_Data listing_

lemma translate_admissible:
  assumes S: "S \<subseteq> carrier G" and g: "g \<in> carrier G"
    and U: "admissible (carrier G) (\<lambda>Y. Y <#> S) k U"
  shows "admissible (carrier G) (\<lambda>Y. Y <#> S) k (g <# U)"
    and "card (((g <# U) <#> S) - (g <# U)) = card ((U <#> S) - U)"
proof -
  have U': "finite U" "U \<subseteq> carrier G" "k \<le> card U" "at_least k (carrier G - (U <#> S))"
    using U unfolding admissible_def by auto
  have NU: "U <#> S \<subseteq> carrier G" by (rule setmult_subset_G[OF U'(2) S])
  have image: "(g <# U) <#> S = g <# (U <#> S)" by (rule setmult_lcos_assoc[OF U'(2) S g])
  have "carrier G - ((g <# U) <#> S) = g <# (carrier G - (U <#> S))"
    using image l_coset_Diff[OF g subset_refl NU] l_coset_carrier_eq[OF g] by simp
  moreover have "at_least k (g <# (carrier G - (U <#> S)))"
    using U'(4) card_l_coset[OF g] finite_l_coset_iff[OF g] unfolding at_least_def by auto
  ultimately show "admissible (carrier G) (\<lambda>Y. Y <#> S) k (g <# U)"
    using U' card_l_coset[OF g U'(2)] finite_l_coset_iff[OF g U'(2)] l_coset_subset_G[OF U'(2) g]
    unfolding admissible_def by simp
  have "((g <# U) <#> S) - (g <# U) = g <# ((U <#> S) - U)"
    using image l_coset_Diff[OF g NU U'(2)] by simp
  then show "card (((g <# U) <#> S) - (g <# U)) = card ((U <#> S) - U)"
    using card_l_coset[OF g, of "(U <#> S) - U"] NU by auto
qed

lemma translate_atom:
  assumes S: "S \<subseteq> carrier G" and g: "g \<in> carrier G"
    and sep: "separable (carrier G) (\<lambda>Y. Y <#> S) k"
    and A: "atom (carrier G) (\<lambda>Y. Y <#> S) k A"
  shows "atom (carrier G) (\<lambda>Y. Y <#> S) k (g <# A)"
proof -
  have translate_fragment: "fragment (carrier G) (\<lambda>Y. Y <#> S) k (x <# U)"
    if "x \<in> carrier G" "fragment (carrier G) (\<lambda>Y. Y <#> S) k U" for x U
  proof -
    have "admissible (carrier G) (\<lambda>Y. Y <#> S) k U"
      and "card ((U <#> S) - U) = kappa (carrier G) (\<lambda>Y. Y <#> S) k"
      using that(2) fragment_iff[OF sep] by auto
    then show ?thesis using translate_admissible[OF S that(1)] fragment_iff[OF sep] by simp
  qed
  have A_sub: "A \<subseteq> carrier G" using atom_admissible[OF sep A] unfolding admissible_def by simp
  have "card (g <# A) \<le> card W" if W: "fragment (carrier G) (\<lambda>Y. Y <#> S) k W" for W
  proof -
    have W_sub: "W \<subseteq> carrier G" using W fragment_iff[OF sep] unfolding admissible_def by simp
    have "card A \<le> card (inv g <# W)" using A translate_fragment[OF _ W] g by (simp add: atom_def)
    then show ?thesis using card_l_coset[OF _ W_sub] card_l_coset[OF g A_sub] g by simp
  qed
  then show ?thesis using translate_fragment[OF g] A unfolding atom_def by simp
qed

lemma cayley_atom_intersection:
  assumes S: "S \<subseteq> carrier G" "finite S" "\<one> \<in> S" and gen: "generate G S = carrier G"
    and hyp: "infinite (carrier G) \<or> alpha_pos G S k \<le> alpha_neg G S k"
    and sep: "separable (carrier G) (\<lambda>Y. Y <#> S) k"
    and A: "atom (carrier G) (\<lambda>Y. Y <#> S) k A" and B: "atom (carrier G) (\<lambda>Y. Y <#> S) k B"
    and k: "k \<le> card (A \<inter> B)"
  shows "A = B"
proof -
  interpret cay: dual_image_operators "carrier G" "\<lambda>Y. Y <#> S" "\<lambda>Y. Y <#> set_inv S"
    by (rule cayley_dual[OF S])
  have "2 * card A + kappa (carrier G) (\<lambda>Y. Y <#> S) k \<le> card (carrier G)"
    if "finite (carrier G)"
    using cay.atom_size_bound[OF that sep A] hyp that
    unfolding alpha_pos_def alpha_neg_def generate_set_inv[OF S(1)] gen by simp
  then show ?thesis by (rule cay.fwd.atom_intersection[OF sep A B k])
qed

(* Two points of an atom that step back inside it along the same generator s <> 1 differ
   by a left period: their translates to 1 are atoms sharing 1 and s^-1. *)
lemma shared_generator_period:
  assumes S: "S \<subseteq> carrier G" "finite S" "\<one> \<in> S" and gen: "generate G S = carrier G"
    and hyp: "infinite (carrier G) \<or> alpha_pos G S 2 \<le> alpha_neg G S 2"
    and sep: "separable (carrier G) (\<lambda>Y. Y <#> S) 2"
    and H: "atom (carrier G) (\<lambda>Y. Y <#> S) 2 H"
    and h: "h \<in> H" "h' \<in> H" and s: "s \<in> carrier G" "s \<noteq> \<one>"
    and steps_back: "h \<otimes> inv s \<in> H" "h' \<otimes> inv s \<in> H"
  shows "h \<otimes> inv h' \<in> left_period G H"
proof -
  have finH: "finite H" "H \<subseteq> carrier G" using atom_admissible[OF sep H] unfolding admissible_def by auto
  have hc: "h \<in> carrier G" "h' \<in> carrier G" using h finH by auto
  define A where "A = inv h <# H"
  define B where "B = inv h' <# H"
  have "inv x \<otimes> x = \<one>" "inv x \<otimes> (x \<otimes> inv s) = inv s" if "x \<in> carrier G" for x
    using that s by (simp_all add: m_assoc[symmetric])
  then have "\<one> \<in> A" "inv s \<in> A" "\<one> \<in> B" "inv s \<in> B"
    unfolding A_def B_def l_coset_image using h steps_back hc by (metis image_eqI)+
  moreover have "inv s \<noteq> \<one>" using s by simp
  moreover have "finite A" unfolding A_def using finH finite_l_coset_iff hc by simp
  ultimately have "card {\<one>, inv s} \<le> card (A \<inter> B)" by (intro card_mono) auto
  then have two: "2 \<le> card (A \<inter> B)" using \<open>inv s \<noteq> \<one>\<close> by simp
  have "A = B"
    using cayley_atom_intersection[OF S gen hyp sep _ _ two] translate_atom[OF S(1) _ sep H] hc
    unfolding A_def B_def by simp
  have "(h \<otimes> inv h') <# H = h <# B" unfolding B_def using lcos_m_assoc finH hc by simp
  also have "\<dots> = H" unfolding \<open>A = B\<close>[symmetric] A_def
    using lcos_m_assoc lcos_mult_one finH hc by simp
  finally show ?thesis unfolding left_period_def using hc by simp
qed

_What you are asked to do_
Please repeat the lines above exactly, beginning with the line that contains "inv h' \<in>" and ending with the final one.

_Output below_
  shows "h \<otimes> inv h' \<in> left_period G H"
proof -
  have finH: "finite H" "H \<subseteq> carrier G" using atom_admissible[OF sep H] unfolding admissible_def by auto
  have hc: "h \<in> carrier G" "h' \<in> carrier G" using h finH by auto
  define A where "A = inv h <# H"
  define B where "B = inv h' <# H"
  have "inv x \<otimes> x = \<one>" "inv x \<otimes> (x \<otimes> inv s) = inv s" if "x \<in> carrier G" for x
    using that s by (simp_all add: m_assoc[symmetric])
  then have "\<one> \<in> A" "inv s \<in> A" "\<one> \<in> B" "inv s \<in> B"
    unfolding A_def B_def l_coset_image using h steps_back hc by (metis image_eqI)+
  moreover have "inv s \<noteq> \<one>" using s by simp
  moreover have "finite A" unfolding A_def using finH finite_l_coset_iff hc by simp
  ultimately have "card {\<one>, inv s} \<le> card (A \<inter> B)" by (intro card_mono) auto
  then have two: "2 \<le> card (A \<inter> B)" using \<open>inv s \<noteq> \<one>\<close> by simp
  have "A = B"
    using cayley_atom_intersection[OF S gen hyp sep _ _ two] translate_atom[OF S(1) _ sep H] hc
    unfolding A_def B_def by simp
  have "(h \<otimes> inv h') <# H = h <# B" unfolding B_def using lcos_m_assoc finH hc by simp
  also have "\<dots> = H" unfolding \<open>A = B\<close>[symmetric] A_def
    using lcos_m_assoc lcos_mult_one finH hc by simp
  finally show ?thesis unfolding left_period_def using hc by simp
qed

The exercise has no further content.